Position: Security Specialist (Junior 3-5 years) Med Senior (5-8 years) Senior (More than 8 years)

Location: Damascus (Onsite)

Employment Type: Full-time

Department: IT Department

Job Summary:

The Security Specialist will be responsible for implementing and managing security measures to protect the organization’s information systems and data. This role involves monitoring antivirus endpoints, conducting penetration testing, integrating security measures in a hybrid IT environment, and managing firewalls. The role requires a proactive approach to identifying potential threats and ensuring compliance with security policies and regulations.

Key Responsibilities:

• Security Implementation and Management:

o Implement and manage security controls to protect IT infrastructure, including networks, systems, and applications.

o Conduct regular penetration testing to simulate potential attacks and identify vulnerabilities.

o Configure and maintain security appliances such as firewalls, intrusion detection/prevention systems (IDS/IPS), and anti malware solutions.

• Firewall Management:

o Configure, manage, and monitor firewall systems to ensure network security and integrity.

o Create and maintain firewall rules and policies to protect against unauthorized access and threats.

o Troubleshoot and resolve firewall-related issues and ensure that security controls are properly enforced.

• Endpoint Security:

o Monitor and manage antivirus solutions and endpoint protection systems to ensure comprehensive coverage and threat detection.

o Respond to and investigate endpoint security alerts, ensuring timely remediation of threats.

• Hybrid Environment Security Integration:

o Design and manage security measures for hybrid IT environments, integrating on- premises and cloud-based resources.

o Ensure secure communication and data protection across hybrid environments.

o Implement and manage security policies and controls for cloud platforms, particularly

Microsoft Azure.• Incident Response and Investigation:

o Monitor security alerts and respond to security incidents in a timely manner.

o Conduct investigations into security breaches and incidents, including analyzing results from penetration tests.

o Develop and maintain incident response plans and procedures.

• Risk Management and Compliance:

o Assess and manage security risks associated with IT systems and processes.

o Ensure compliance with relevant regulations and industry standards (e.g., GDPR, HIPAA, PCI-DSS).

o Implement and enforce security policies, including data protection, access controls, and secure system configurations.

• Monitoring and Reporting:

o Monitor network and system activity using security information and event management (SIEM) tools.

o Generate and review security reports, including findings from penetration tests, endpoint security monitoring, and firewall logs, to provide insights into security posture and incident trends.

o Recommend improvements based on security monitoring, vulnerability assessments, and penetration testing.

• Documentation and Training:

o Create and maintain comprehensive documentation for security policies, procedures, and incident reports.

o Provide security awareness training and guidance to employees and stakeholders.

o Stay up-to-date with emerging security threats, technologies, and best practices.

• Collaboration and Support:

o Collaborate with IT teams to integrate security measures into systems and processes.

o Provide support and guidance for security-related issues and projects.

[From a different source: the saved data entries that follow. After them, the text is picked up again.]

lemma walk_is_cycle:
  assumes "walk E xs" "distinct xs" "3 \<le> length xs" "adj E (last xs) (hd xs)"
  shows "is_cycle E xs"
  unfolding is_cycle_def
proof (intro conjI allI impI)
  fix i assume i: "i < length xs"
  show "adj E (xs ! i) (xs ! ((i + 1) mod length xs))"
  proof (cases "Suc i < length xs")
    case True
    then show ?thesis using walk_nth[OF assms(1)] by simp
  next
    case False
    then have "i = length xs - 1" using i by simp
    then show ?thesis
      using assms(3,4) by (simp add: last_conv_nth hd_conv_nth flip: length_greater_0_conv)
  qed
qed (use assms in auto)

lemma cycle_free_bridge:
  assumes g: "graph V E" and cf: "cycle_free V E" and ab: "adj E a b"
  shows "\<not> (adj (E - {{a, b}}))\<^sup>*\<^sup>* b a"
proof
  let ?F = "E - {{a, b}}"
  assume "(adj ?F)\<^sup>*\<^sup>* b a"
  then obtain xs where xs: "xs \<noteq> []" "hd xs = b" "last xs = a" "distinct xs" "walk ?F xs"
    using rtranclp_adj_distinct_walk by metis
  have "length xs \<noteq> 1"
    using xs ab by (metis adj_def last_ConsL length_Suc_conv length_0_conv list.sel(1) One_nat_def)
  moreover have "length xs \<noteq> 2"
  proof
    assume "length xs = 2"
    then obtain c d where "xs = [c, d]" by (auto simp: numeral_2_eq_2 length_Suc_conv)
    with xs have "adj ?F b a" by simp
    then show False unfolding adj_def by (auto simp: insert_commute)
  qed
  moreover have "length xs \<noteq> 0" using xs(1) by simp
  ultimately have "3 \<le> length xs" by linarith
  moreover have "walk E xs" using walk_mono[OF xs(5)] by blast
  moreover have "adj E (last xs) (hd xs)" using ab xs(2,3) by simp
  ultimately have "is_cycle E xs" using walk_is_cycle xs(4) by blast
  moreover have "set xs \<subseteq> V"
    using walk_vertices[OF g \<open>walk E xs\<close> xs(1)] xs(2) ab graph_adj_vertices[OF g] by blast
  ultimately show False using cf unfolding cycle_free_def by blast
qed

section \<open>The two sides of a tree edge\<close>

definition side :: "'a set \<Rightarrow> 'a set set \<Rightarrow> 'a \<Rightarrow> 'a \<Rightarrow> 'a set" where
  "side V E a b = {x\<in>V. (adj (E - {{a, b}}))\<^sup>*\<^sup>* b x}"

lemma side_subset: "side V E a b \<subseteq> V"
  unfolding side_def by auto

lemma finite_side: "graph V E \<Longrightarrow> finite (side V E a b)"
  using graph_finite finite_subset[OF side_subset] by metis

lemma target_in_side: "graph V E \<Longrightarrow> adj E a b \<Longrightarrow> b \<in> side V E a b"
  unfolding side_def by (simp add: graph_adj_vertices)

lemma source_notin_side: "graph V E \<Longrightarrow> cycle_free V E \<Longrightarrow> adj E a b \<Longrightarrow> a \<notin> side V E a b"
  unfolding side_def by (simp add: cycle_free_bridge)

lemma side_rtranclp_closed:
  assumes "graph V E" "x \<in> side V E a b" "(adj (E - {{a, b}}))\<^sup>*\<^sup>* x y"
  shows "y \<in> side V E a b"
proof -
  have "(adj (E - {{a, b}}))\<^sup>*\<^sup>* b x" "x \<in> V" using assms(2) unfolding side_def by auto
  then have "(adj (E - {{a, b}}))\<^sup>*\<^sup>* b y" "y \<in> V"
    using rtranclp_trans[OF _ assms(3)] graph_rtranclp_vertices[OF assms(3,1)] by auto
  then show ?thesis unfolding side_def by simp
qed

lemma side_cover:
  assumes g: "graph V E" and c: "connected_graph V E" and ab: "adj E a b"
  shows "V = side V E a b \<union> side V E b a"
proof -
  let ?F = "E - {{a, b}}"
  have "(adj ?F)\<^sup>*\<^sup>* b x \<or> (adj ?F)\<^sup>*\<^sup>* a x" if "x \<in> V" for x
  proof -
    have "(adj E)\<^sup>*\<^sup>* a x" using c ab that graph_adj_vertices[OF g] unfolding connected_graph_def by blast
    then show ?thesis
    proof (induction rule: rtranclp_induct)
      case (step y z)
      show ?case
      proof (cases "{y, z} = {a, b}")
        case True
        then have "z = a \<or> z = b" by (metis doubleton_eq_iff)
        then show ?thesis by auto
      next
        case False
        then have "adj ?F y z" using step(2) unfolding adj_def by auto
        with step(3) show ?thesis by (meson rtranclp.rtrancl_into_rtrancl)
      qed
    qed simp
  qed
  then show ?thesis using side_subset unfolding side_def by (fastforce simp: insert_commute)
qed

lemma sides_disjoint:
  assumes g: "graph V E" and cf: "cycle_free V E" and ab: "adj E a b"
  shows "side V E a b \<inter> side V E b a = {}"
proof (rule ccontr)
  let ?F = "E - {{a, b}}"
  assume "side V E a b \<inter> side V E b a \<noteq> {}"
  then obtain x where "(adj ?F)\<^sup>*\<^sup>* b x" "(adj ?F)\<^sup>*\<^sup>* a x"
    unfolding side_def by (auto simp: insert_commute)
  then have "(adj ?F)\<^sup>*\<^sup>* b a" using adj_rtranclp_sym rtranclp_trans by metis
  with cycle_free_bridge[OF g cf ab] show False by simp
qed

lemma connected_subgraph_within_side:
  assumes g: "graph V E" and E1: "E1 \<subseteq> E - {{a, b}}" and c1: "connected_graph V1 E1"
    and x: "x \<in> V1" "x \<in> side V E a b"
  shows "V1 \<subseteq> side V E a b"
proof
  fix y assume "y \<in> V1"
  with c1 x have "(adj E1)\<^sup>*\<^sup>* x y" unfolding connected_graph_def by blast
  then have "(adj (E - {{a, b}}))\<^sup>*\<^sup>* x y" using E1 by (rule adj_rtranclp_mono)
  with g x(2) show "y \<in> side V E a b" by (rule side_rtranclp_closed)
qed

lemma edge_within_side:
  assumes g: "graph V E" and c: "connected_graph V E" and ab: "adj E a b"
    and f: "f \<in> E" "f \<noteq> {a, b}"
  shows "f \<subseteq> side V E a b \<or> f \<subseteq> side V E b a"
proof -
  obtain x y where xy: "x \<in> V" "adj E x y" "f = {x, y}" using graph_edgeE[OF g f(1)] by metis
  have "adj (E - {{a, b}}) x y" "adj (E - {{b, a}}) x y"
    using xy f unfolding adj_def by (auto simp: insert_commute)
  then have "(adj (E - {{a, b}}))\<^sup>*\<^sup>* x y" "(adj (E - {{b, a}}))\<^sup>*\<^sup>* x y" by auto
  with side_cover[OF g c ab] xy(1,3) show ?thesis
    using side_rtranclp_closed[OF g] by blast
qed

lemma tree_side:
  assumes g: "graph V E" and cf: "cycle_free V E" and ab: "adj E a b"
  shows "tree (side V E a b) {f\<in>E. f \<subseteq> side V E a b}"
proof -
  let ?S = "side V E a b" and ?F = "E - {{a, b}}"
  let ?ES = "{f\<in>E. f \<subseteq> ?S}"
  have "graph ?S ?ES"
    unfolding graph_def
  proof (intro conjI ballI)
    fix f assume f: "f \<in> ?ES"
    then have "f \<in> E" by simp
    then obtain x y where "adj E x y" "f = {x, y}" by (meson graph_edgeE[OF g])
    with f show "\<exists>x y. x \<in> ?S \<and> y \<in> ?S \<and> x \<noteq> y \<and> f = {x, y}"
      unfolding adj_def by auto
  qed (rule finite_side[OF g])
  moreover have "(adj ?ES)\<^sup>*\<^sup>* b x" if "x \<in> ?S" for x
  proof -
    have "(adj ?F)\<^sup>*\<^sup>* b x" using that unfolding side_def by simp
    then have "x \<in> ?S \<and> (adj ?ES)\<^sup>*\<^sup>* b x"
    proof (induction rule: rtranclp_induct)
      case base
      then show ?case using target_in_side[OF g ab] by simp
    next
      case (step y z)
      have "z \<in> ?S"
        using side_rtranclp_closed[OF g conjunct1[OF step(3)] r_into_rtranclp[where r = "adj ?F", OF step(2)]] .
      moreover have "y \<in> ?S" using step(3) by simp
      ultimately have "adj ?ES y z" using step(2) unfolding adj_def by auto
      with step(3) \<open>z \<in> ?S\<close> show ?case by (meson rtranclp.rtrancl_into_rtrancl)
    qed
    then show ?thesis by simp
  qed
  then have "connected_graph ?S ?ES"
    by (rule connected_graphI_root[OF target_in_side[OF g ab]])
  moreover have "cycle_free ?S ?ES" by (rule cycle_free_subgraph[OF cf side_subset]) auto
  ultimately show ?thesis by (simp add: tree_iff_cycle_free)
qed

lemma side_branch:
  assumes t: "tree V E" and ab: "adj E a b"
  shows "branch (side V E a b) {f\<in>E. f \<subseteq> side V E a b} V E"
proof -
  have g: "graph V E" and c: "connected_graph V E" and cf: "cycle_free V E"
    using t by (simp_all add: tree_iff_cycle_free)
  let ?S = "side V E a b"
  have ba: "adj E b a" using ab by (simp add: adj_commute)
  have rest: "V - ?S = side V E b a"
    using side_cover[OF g c ab] sides_disjoint[OF g cf ab] by blast
  have "{f\<in>E. f \<inter> ?S = {}} = {f\<in>E. f \<subseteq> side V E b a}"
    using graph_edge_subset[OF g] rest by blast
  moreover have "tree ?S {f\<in>E. f \<subseteq> ?S}" by (rule tree_side[OF g cf ab])
  moreover have "V - ?S \<noteq> {}" using rest target_in_side[OF g ba] by blast
  ultimately show ?thesis
    unfolding branch_def subgraph_def rest
    using tree_side[OF g cf ba] side_subset[of V E a b] by (auto simp: tree_iff_cycle_free)
qed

o Work with external vendors and partners to assess and manage security risks.

Qualifications:

• Experience:

o At least 3-5 years of experience in a security-focused role or related field.

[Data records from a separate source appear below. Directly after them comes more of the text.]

lemma ideal_prod_ideal_gen:
  "ideal_prod (ideal_gen X) (ideal_gen Y) = ideal_gen {x * y | x y. x \<in> X \<and> y \<in> Y}"
  (is "_ = ?H")
proof
  have H: "is_ideal ?H" by (rule is_ideal_ideal_gen)
  have left: "ideal_gen X \<subseteq> {a. \<forall>y\<in>Y. a * y \<in> ?H}"
  proof (rule ideal_gen_least)
    show "is_ideal {a. \<forall>y\<in>Y. a * y \<in> ?H}"
      using H by (auto simp: is_ideal_def distrib_right mult.assoc)
    show "X \<subseteq> {a. \<forall>y\<in>Y. a * y \<in> ?H}"
      by (auto intro: ideal_gen_mem)
  qed
  have right: "ideal_gen Y \<subseteq> {b. \<forall>a\<in>ideal_gen X. a * b \<in> ?H}"
  proof (rule ideal_gen_least)
    show "is_ideal {b. \<forall>a\<in>ideal_gen X. a * b \<in> ?H}"
      using H by (auto simp: is_ideal_def distrib_left mult.left_commute)
    show "Y \<subseteq> {b. \<forall>a\<in>ideal_gen X. a * b \<in> ?H}"
      using left by blast
  qed
  show "ideal_prod (ideal_gen X) (ideal_gen Y) \<subseteq> ?H"
    using right by (intro ideal_prod_least[OF H]) blast
  show "?H \<subseteq> ideal_prod (ideal_gen X) (ideal_gen Y)"
    by (rule ideal_gen_least[OF is_ideal_ideal_prod]) (auto intro: ideal_prod_mem ideal_gen_mem)
qed

lemma subset_integral_closure: "A \<subseteq> integral_closure A"
proof
  fix f assume "f \<in> A"
  then have "- f \<in> ideal_pow A 1"
    using ideal_prod_mem[of f A "-1" UNIV] by simp
  then show "f \<in> integral_closure A"
    unfolding integral_closure_def by (intro CollectI exI[of _ 1] exI[of _ "\<lambda>_. - f"]) auto
qed

lemma integrally_closed_iff_subset: "integrally_closed A \<longleftrightarrow> integral_closure A \<subseteq> A"
  unfolding integrally_closed_def using subset_integral_closure by blast

lemma integral_closure_mono: "A \<subseteq> B \<Longrightarrow> integral_closure A \<subseteq> integral_closure B"
  unfolding integral_closure_def using ideal_pow_mono by blast

lemma integral_equation_scale:
  fixes f \<sigma> :: "'a::comm_ring_1"
  assumes "f ^ m + (\<Sum>i=1..m. a i * f ^ (m - i)) = 0"
  shows "(\<sigma> * f) ^ m + (\<Sum>i=1..m. (\<sigma> ^ i * a i) * (\<sigma> * f) ^ (m - i)) = 0"
proof -
  have "(\<sigma> ^ i * a i) * (\<sigma> * f) ^ (m - i) = \<sigma> ^ m * (a i * f ^ (m - i))" if "i \<in> {1..m}" for i
  proof -
    have "\<sigma> ^ m = \<sigma> ^ i * \<sigma> ^ (m - i)"
      using that by (simp flip: power_add)
    then show ?thesis by (simp add: power_mult_distrib algebra_simps)
  qed
  then have "(\<sigma> * f) ^ m + (\<Sum>i=1..m. (\<sigma> ^ i * a i) * (\<sigma> * f) ^ (m - i))
      = \<sigma> ^ m * (f ^ m + (\<Sum>i=1..m. a i * f ^ (m - i)))"
    by (simp add: sum_distrib_left power_mult_distrib distrib_left)
  with assms show ?thesis by simp
qed

section \<open>Saturation with respect to a prime\<close>

text \<open>\<open>saturation P X\<close> is the contraction \<open>X R\<^sub>P \<inter> R\<close> of the localisation of X at P.\<close>

definition saturation :: "('v, 'k::field) mpoly set \<Rightarrow> ('v, 'k) mpoly set \<Rightarrow> ('v, 'k) mpoly set" where
  "saturation P X = {f. \<exists>s. s \<notin> P \<and> s * f \<in> X}"

lemma prim_comp_eq_saturation: "prim_comp I F = saturation (PF F) I"
  unfolding prim_comp_def saturation_def ..

lemma prime_ideal_one_notin: "prime_ideal P \<Longrightarrow> 1 \<notin> P"
  unfolding prime_ideal_def is_ideal_def by (metis UNIV_eq_I mult.right_neutral)

lemma prime_ideal_mult_notin: "prime_ideal P \<Longrightarrow> s \<notin> P \<Longrightarrow> s' \<notin> P \<Longrightarrow> s * s' \<notin> P"
  unfolding prime_ideal_def by blast

lemma prime_ideal_prod_notin:
  assumes P: "prime_ideal P"
  shows "finite A \<Longrightarrow> (\<And>i. i \<in> A \<Longrightarrow> s i \<notin> P) \<Longrightarrow> prod s A \<notin> P"
  by (induction A rule: finite_induct)
    (auto simp: prime_ideal_one_notin[OF P] prime_ideal_mult_notin[OF P])

lemma subset_saturation: "prime_ideal P \<Longrightarrow> X \<subseteq> saturation P X"
  unfolding saturation_def using prime_ideal_one_notin by fastforce

lemma saturation_mono: "X \<subseteq> Y \<Longrightarrow> saturation P X \<subseteq> saturation P Y"
  unfolding saturation_def by blast

lemma saturation_saturation_subset: "prime_ideal P \<Longrightarrow> saturation P (saturation P X) \<subseteq> saturation P X"
  unfolding saturation_def using prime_ideal_mult_notin by (fastforce simp: mult.assoc)

lemma is_ideal_saturation:
  assumes P: "prime_ideal P" and X: "is_ideal X"
  shows "is_ideal (saturation P X)"
  unfolding is_ideal_def
proof (intro conjI ballI allI)
  show "0 \<in> saturation P X"
    using subset_saturation[OF P] ideal_zero[OF X] by blast
next
  fix a b assume "a \<in> saturation P X" "b \<in> saturation P X"
  then obtain s s' where "s \<notin> P" "s * a \<in> X" "s' \<notin> P" "s' * b \<in> X"
    unfolding saturation_def by blast
  moreover have "(s * s') * (a + b) = s' * (s * a) + s * (s' * b)"
    by (simp add: algebra_simps)
  ultimately have "s * s' \<notin> P" "(s * s') * (a + b) \<in> X"
    using X prime_ideal_mult_notin[OF P] by (simp_all add: ideal_add ideal_mult)
  then show "a + b \<in> saturation P X"
    unfolding saturation_def by blast
next
  fix r a assume "a \<in> saturation P X"
  then obtain s where "s \<notin> P" "s * a \<in> X"
    unfolding saturation_def by blast
  moreover have "r * (s * a) \<in> X"
    using X \<open>s * a \<in> X\<close> by (rule ideal_mult)
  ultimately have "s * (r * a) \<in> X"
    by (simp add: mult.left_commute)
  with \<open>s \<notin> P\<close> show "r * a \<in> saturation P X"
    unfolding saturation_def by blast
qed

lemma saturation_mult:
  assumes P: "prime_ideal P" and "a \<in> saturation P A" "b \<in> saturation P B"
  shows "a * b \<in> saturation P (ideal_prod A B)"
proof -
  obtain s s' where "s \<notin> P" "s * a \<in> A" "s' \<notin> P" "s' * b \<in> B"
    using assms(2,3) unfolding saturation_def by blast
  moreover have "(s * a) * (s' * b) \<in> ideal_prod A B"
    using \<open>s * a \<in> A\<close> \<open>s' * b \<in> B\<close> by (rule ideal_prod_mem)
  ultimately have "s * s' \<notin> P" "(s * s') * (a * b) \<in> ideal_prod A B"
    using prime_ideal_mult_notin[OF P] by (simp_all add: ac_simps)
  then show ?thesis
    unfolding saturation_def by blast
qed

lemma ideal_pow_saturation:
  assumes P: "prime_ideal P" and "A \<subseteq> saturation P B"
  shows "ideal_pow A n \<subseteq> saturation P (ideal_pow B n)"
proof (induction n)
  case 0
  then show ?case using subset_saturation[OF P] by simp
next
  case (Suc n)
  have "ideal_prod A (ideal_pow A n) \<subseteq> saturation P (ideal_prod B (ideal_pow B n))"
  proof (rule ideal_prod_least[OF is_ideal_saturation[OF P is_ideal_ideal_prod]])
    fix a b assume "a \<in> A" "b \<in> ideal_pow A n"
    then have "a \<in> saturation P B" "b \<in> saturation P (ideal_pow B n)"
      using assms(2) Suc by blast+
    then show "a * b \<in> saturation P (ideal_prod B (ideal_pow B n))"
      by (rule saturation_mult[OF P])
  qed
  then show ?case by simp
qed

lemma saturation_common_multiplier:
  assumes P: "prime_ideal P" and "finite A"
    and Y: "\<And>i. i \<in> A \<Longrightarrow> is_ideal (Y i)"
    and a: "\<And>i. i \<in> A \<Longrightarrow> a i \<in> saturation P (Y i)"
  shows "\<exists>\<sigma>. \<sigma> \<notin> P \<and> (\<forall>i\<in>A. \<sigma> * a i \<in> Y i)"
proof -
  have "\<forall>i\<in>A. \<exists>s. s \<notin> P \<and> s * a i \<in> Y i"
    using a unfolding saturation_def by blast
  from bchoice[OF this] obtain s where s: "\<And>i. i \<in> A \<Longrightarrow> s i \<notin> P \<and> s i * a i \<in> Y i"
    by blast
  have "prod s A * a i \<in> Y i" if "i \<in> A" for i
  proof -
    have "prod s A * a i = prod s (A - {i}) * (s i * a i)"
      using that \<open>finite A\<close> by (simp add: prod.remove mult.assoc)
    then show ?thesis
      using ideal_mult[OF Y[OF that] conjunct2[OF s[OF that]]] by simp
  qed
  moreover have "prod s A \<notin> P"
    using prime_ideal_prod_notin[OF P \<open>finite A\<close>] s by blast
  ultimately show ?thesis by blast
qed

o Hands-on experience with monitoring and managing antivirus and endpoint protection systems.

o Proven experience with penetration testing and vulnerability assessments.

o Experience with configuring, managing, and monitoring firewall systems.

o Experience with security measures for hybrid IT environments that include both on- premises and cloud resources.

• Skills:

o Strong knowledge of security protocols, threat landscape, and risk management practices.

o Experience with security technologies and tools such as firewalls, IDS/IPS, and SIEM systems.

o Familiarity with regulatory requirements and compliance standards (e.g., GDPR, HIPAA, PCI-DSS).

o Proficiency in integrating security measures across hybrid environments and cloud platforms.

• Certifications:

o Relevant certifications such as Certified Information Systems Security Professional (CISSP), Certified Ethical Hacker (CEH), CompTIA Security+, or similar are preferred.

• Soft Skills:

o Excellent problem-solving and analytical skills.

o Strong communication and collaboration skills.

o Ability to work independently and manage multiple tasks and priorities.

o Attention to detail and commitment to maintaining high security standards.